Paul Rosswork (Rosswork), an attorney for Western stated that the primary purpose of the agreement was a sale of equipment. (Tr. p. 59). However, Rosswork testified that the agreement was put in the form a “service agreement” because it was not really a sale of assets. Instead Westco was buyer for scrap, and he was basically tearing down equipment and machinery out there and then scraping it out. (Tr. p. 48).
Rosswork also stated Western wanted to get rid of the site because while it was not being used it was just an expense and added that the property couldn’t be sold until it was cleaned up because of the prior environmental problems. (Tr. p. 40). He admitted the property was more marketable if it was cleaned up and that removing the hazardous material furthered that goal. (Tr. pp. 42, 54).

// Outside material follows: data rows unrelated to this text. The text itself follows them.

lemma components_Diff:
  assumes s: "symp A" and D: "D \<in> components A U" and X: "X \<subseteq> D"
  shows "components A (U - X) = (components A U - {D}) \<union> components A (D - X)"
proof (intro equalityI subsetI)
  fix C assume "C \<in> components A (U - X)"
  then show "C \<in> (components A U - {D}) \<union> components A (D - X)"
    by (rule components_Diff_subset[OF assms])
next
  fix C assume "C \<in> (components A U - {D}) \<union> components A (D - X)"
  then consider "C \<in> components A U" "C \<noteq> D" | "C \<in> components A (D - X)" by blast
  then show "C \<in> components A (U - X)"
  proof cases
    case 1
    then have "C \<subseteq> U - X"
      using components_disjoint[OF s _ D] components_subset[of C A U] X by blast
    then show ?thesis using component_of_subset[OF s 1(1)] by blast
  next
    case 2
    have "adj_closed A U D" "D \<subseteq> U"
      using D unfolding components_iff[OF s] by simp_all
    with 2 show ?thesis
      unfolding components_iff[OF s] adj_closed_def by blast
  qed
qed

lemma odd_comps_Diff:
  assumes s: "symp A" and U: "finite U" and D: "D \<in> components A U" and X: "X \<subseteq> D"
  shows "odd_comps A (U - X) + of_bool (odd (card D)) = odd_comps A U + odd_comps A (D - X)"
proof -
  let ?O = "\<lambda>W. {C \<in> components A W. odd (card C)}"
  have split: "?O (U - X) = (?O U - {D}) \<union> ?O (D - X)"
    using components_Diff[OF s D X] by auto
  have "(?O U - {D}) \<inter> ?O (D - X) = {}"
    using components_disjoint[OF s _ D] components_iff[OF s, of _ "D - X"] by fastforce
  moreover have "finite (?O W)" if "finite W" for W
    using finite_components[OF that] by simp
  moreover have "finite (D - X)"
    using finite_component[OF U D] by simp
  ultimately have "odd_comps A (U - X) = card (?O U - {D}) + card (?O (D - X))"
    unfolding odd_comps_def split using U by (simp add: card_Un_disjoint)
  moreover have "card (?O U - {D}) + of_bool (odd (card D)) = card (?O U)"
    using D finite_components[OF U]
    by (cases "odd (card D)") (simp_all add: card_Suc_Diff1 del: card_Diff_insert)
  ultimately show ?thesis unfolding odd_comps_def by simp
qed

lemma odd_comps_isolated:
  assumes "symp A" "finite U" "v \<in> U" "\<forall>y\<in>U. A v y \<longrightarrow> y = v"
  shows "odd_comps A U = odd_comps A (U - {v}) + 1"
  using odd_comps_Diff[OF assms(1,2) singleton_component[OF assms(1,3,4)], of "{v}"]
  by (simp add: odd_comps_empty)

lemma odd_comps_Diff_parity:
  assumes "symp A" "finite V" "B \<subseteq> V" "even (card V)"
  shows "even (odd_comps A (V - B)) \<longleftrightarrow> even (card B)"
proof -
  have "card (V - B) + card B = card V"
    using assms(2,3) by (metis card_Diff_subset card_mono finite_subset le_add_diff_inverse2)
  then have "even (card (V - B)) \<longleftrightarrow> even (card B)"
    using assms(4) by (metis even_add)
  then show ?thesis
    using odd_comps_parity[OF assms(1), of "V - B"] assms(2) by simp
qed

section \<open>Hall's theorem\<close>

definition hall_condition :: "'i set \<Rightarrow> ('i \<Rightarrow> 'a set) \<Rightarrow> bool" where
  "hall_condition I N \<longleftrightarrow> (\<forall>J\<subseteq>I. card J \<le> card (\<Union>(N ` J)))"

definition distinct_reps :: "'i set \<Rightarrow> ('i \<Rightarrow> 'a set) \<Rightarrow> ('i \<Rightarrow> 'a) \<Rightarrow> bool" where
  "distinct_reps I N f \<longleftrightarrow> inj_on f I \<and> (\<forall>i\<in>I. f i \<in> N i)"

lemma hall_condition_subset: "hall_condition I N \<Longrightarrow> J \<subseteq> I \<Longrightarrow> hall_condition J N"
  unfolding hall_condition_def by auto

lemma distinct_reps_mono:
  "distinct_reps I N f \<Longrightarrow> (\<And>i. i \<in> I \<Longrightarrow> N i \<subseteq> N' i) \<Longrightarrow> distinct_reps I N' f"
  unfolding distinct_reps_def by blast

lemma distinct_reps_combine:
  assumes J: "J \<subseteq> I" and f: "distinct_reps J N f"
    and g: "distinct_reps (I - J) (\<lambda>i. N i - f ` J) g"
  shows "distinct_reps I N (\<lambda>i. if i \<in> J then f i else g i)" (is "distinct_reps I N ?h")
proof -
  have "inj_on ?h J" "inj_on ?h (I - J)"
    using f g by (simp_all add: distinct_reps_def inj_on_def)
  moreover have "?h ` J \<inter> ?h ` (I - J) = {}"
    using g by (force simp: distinct_reps_def)
  ultimately have "inj_on ?h (J \<union> (I - J))"
    by (subst inj_on_Un) (simp add: Diff_triv)
  moreover have "J \<union> (I - J) = I" using J by blast
  ultimately show ?thesis
    using f g by (auto simp: distinct_reps_def)
qed

lemma hall_condition_Diff_tight:
  assumes hall: "hall_condition I N" and I: "finite I" and N: "\<forall>i\<in>I. finite (N i)"
    and J: "J \<subseteq> I" "card (\<Union>(N ` J)) = card J"
  shows "hall_condition (I - J) (\<lambda>i. N i - \<Union>(N ` J))"
  unfolding hall_condition_def
proof (intro allI impI)
  fix K assume K: "K \<subseteq> I - J"
  have KJ: "K \<union> J \<subseteq> I" "K \<inter> J = {}" using K J(1) by blast+
  have "finite K" "finite J"
    using finite_subset[OF K] finite_subset[OF J(1)] I by simp_all
  have fin: "finite (\<Union>(N ` (K \<union> J)))"
    using finite_subset[OF KJ(1) I] KJ(1) N by (intro finite_UN_I) auto
  have split: "\<Union>(N ` (K \<union> J)) = (\<Union>i\<in>K. N i - \<Union>(N ` J)) \<union> \<Union>(N ` J)" by blast
  have "finite (\<Union>i\<in>K. N i - \<Union>(N ` J))" "finite (\<Union>(N ` J))"
    using fin unfolding split by simp_all
  then have "card (\<Union>(N ` (K \<union> J))) = card (\<Union>i\<in>K. N i - \<Union>(N ` J)) + card (\<Union>(N ` J))"
    unfolding split by (rule card_Un_disjoint) blast
  moreover have "card (K \<union> J) = card K + card J"
    using \<open>finite K\<close> \<open>finite J\<close> KJ(2) by (rule card_Un_disjoint)
  moreover have "card (K \<union> J) \<le> card (\<Union>(N ` (K \<union> J)))"
    using hall KJ(1) unfolding hall_condition_def by blast
  ultimately show "card K \<le> card (\<Union>i\<in>K. N i - \<Union>(N ` J))"
    using J(2) by linarith
qed

lemma hall_condition_remove:
  assumes hall: "hall_condition I N" and I: "finite I" and N: "\<forall>i\<in>I. finite (N i)"
    and no_tight: "\<not> (\<exists>J\<subseteq>I. J \<noteq> {} \<and> J \<noteq> I \<and> card (\<Union>(N ` J)) = card J)"
    and i0: "i0 \<in> I"
  obtains a where "a \<in> N i0" "hall_condition (I - {i0}) (\<lambda>i. N i - {a})"
proof -
  have "card {i0} \<le> card (\<Union>(N ` {i0}))"
    using hall i0 unfolding hall_condition_def by blast
  then obtain a where a: "a \<in> N i0" by fastforce
  have "card K \<le> card (\<Union>i\<in>K. N i - {a})" if K: "K \<subseteq> I - {i0}" for K
  proof (cases "K = {}")
    case False
    have "card K \<le> card (\<Union>(N ` K))"
      using hall K unfolding hall_condition_def by blast
    moreover have "card (\<Union>(N ` K)) \<noteq> card K"
      using no_tight K i0 False by blast
    moreover have "card (\<Union>(N ` K)) - 1 \<le> card (\<Union>(N ` K) - {a})"
      by (simp add: card_Diff_singleton_if)
    ultimately have "card K \<le> card (\<Union>(N ` K) - {a})" by linarith
    moreover have "(\<Union>i\<in>K. N i - {a}) = \<Union>(N ` K) - {a}" by blast
    ultimately show ?thesis by simp
  qed simp
  with a show ?thesis using that unfolding hall_condition_def by blast
qed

Further, Rosswork testified that Westco was proceeding slowly and was not doing what Western wanted and, therefore, Western decided to amend the agreement to sell Westco some conveyors for $5,000 and offered Westco a $5,000 performance bonus if they finished timely. (Tr. p. 46). Rosswork testified that the intent of the amendment was to make sure Westco didn’t remove things they were not supposed to have and that the asbestos abatement was finished. (Tr. pp. 46-47). Similarly, Western’s witness, Richard Means testified that Western was concerned about Westco completing the asbestos abatement work because Western knew it was going to an expense for Westco. He stated that Western offered the completion bonus because they wanted to be sure the asbestos abatement was completed before Westco “took the good parts and left, which is what they ended up doing.” (Tr. p. 36).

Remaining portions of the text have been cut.